Crude oil exports from Iran to its biggest buyer, China, shrank last month on tighter U.S. sanctions and refinery maintenance, Bloomberg has reported, citing data from Vortexa.
Per that data, Iran shipped a little over 1.1 million barrels of crude to China daily, which was 20% lower than export flows in May 2024. Compared to April, the May figure is around 400,000 bpd lower. The data is not entirely certain, however, as tankers carrying Iranian crude abroad use a variety of moves to mask their origin and route.
Kpler recently reported that a growing number of tankers carrying Iranian oil to China were now switching off their tracking devices that conceal their location. “Ship-to-ship transfers have been used to mask the origin of those cargoes,” a Kpler analyst told Bloomberg last week. “Now they’re switching signals off for longer, so that it’s now even harder to trace those flows back to the source, which is Iran,” Muyu Xu also said.

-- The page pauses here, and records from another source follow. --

theorem lemma4p1:
  fixes \<theta> :: real and k b :: nat
  assumes "0 < \<theta>" "\<theta> < 1" "\<theta> \<notin> \<rat>"
    and "k \<ge> 1" "even k" "b \<ge> 1"
    and "1 / (real (b+1) * real (b+2)) \<le> real (cf_q \<theta> k) * tnorm (real (cf_q \<theta> k) * \<theta>)"
    and "real (cf_q \<theta> k) * tnorm (real (cf_q \<theta> k) * \<theta>) < 1 / (real b * real (b+1))"
  shows "(\<Union>i\<in>{1..cf_q \<theta> k}.
           tinterval (real i * \<theta> - 1 / real (cf_q \<theta> (k+1)))
                     (real i * \<theta> + (real b - 1) * tnorm (real (cf_q \<theta> k) * \<theta>)
                        + 1 / (real (b+1) * real (cf_q \<theta> k))))
         \<subseteq> F_set \<theta> k"
proof -
  define q Q \<delta> where "q = cf_q \<theta> k" and "Q = cf_q \<theta> (k+1)" and "\<delta> = tnorm (real q * \<theta>)"
  have k: "0 < k"
    using assms(4) by simp
  have q_theta: "real q * \<theta> = of_int (cf_p \<theta> k) + \<delta>"
    unfolding q_def \<delta>_def by (rule cf_q_mult_even[OF assms(1-3) k assms(5)])
  have \<delta>_pos: "0 < \<delta>"
    unfolding \<delta>_def q_def using tnorm_cf_q[OF assms(1-3) k] cf_rem_prod_pos[OF assms(1-3)] by simp
  have Q_\<delta>: "real Q * \<delta> < 1"
    unfolding Q_def \<delta>_def q_def using cf_q_Suc_mult_tnorm_lt_1[OF assms(1-3) k] by simp
  have "tinterval (real i * \<theta> - 1 / real Q) (real i * \<theta> + (real b - 1) * \<delta> + 1 / (real (b+1) * real q))
      \<subseteq> G_set \<theta> n" if i: "i \<in> {1..q}" and n: "n \<in> {q+1..Q}" for i n
  proof -
    have "real n * \<delta> \<le> real Q * \<delta>"
      using n \<delta>_pos by (intro mult_right_mono) auto
    then have n_\<delta>: "real n * \<delta> < 1"
      using Q_\<delta> by linarith
    have "1 / real Q \<le> 1 / real n"
      using n by (simp add: frac_le)
    then have "tinterval (real i * \<theta> - 1 / real Q) (real i * \<theta> + (real b - 1) * \<delta> + 1 / (real (b+1) * real q))
        \<subseteq> tinterval (real i * \<theta> - 1 / real n) (real i * \<theta> + (real b - 1) * \<delta> + 1 / (real (b+1) * real q))"
      by (intro tinterval_mono) simp_all
    also have "\<dots> \<subseteq> G_set \<theta> n"
      using ladder_tinterval_subset_G_set[OF q_theta \<delta>_pos n_\<delta> _ _ _ assms(7,8)[folded q_def, folded \<delta>_def]]
        i n by simp
    finally show ?thesis .
  qed
  then show ?thesis
    unfolding F_set_def q_def Q_def \<delta>_def by blast
qed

Going forward, oil flows from Iran to China are likely to remain weaker than usual due to refinery maintenance, according to one Vortexa analyst, who said that “delayed seasonal refinery maintenance, […] is now expected to extend through July.” Chinese refiners also stocked up on cheap Iranian crude earlier in the year before Washington tightened the sanction noose, so their inventory levels should be quite comfortable for the time being.
China is Iran’s biggest oil client, with the country’s private refiners buying most of Iran’s sanctioned crude. The two sides have established a trade relationship favorable for both. Iran gets to sell its crude that nearly everyone else shuns, while China’s independent refiners, the so-called teapots, get cheap oil.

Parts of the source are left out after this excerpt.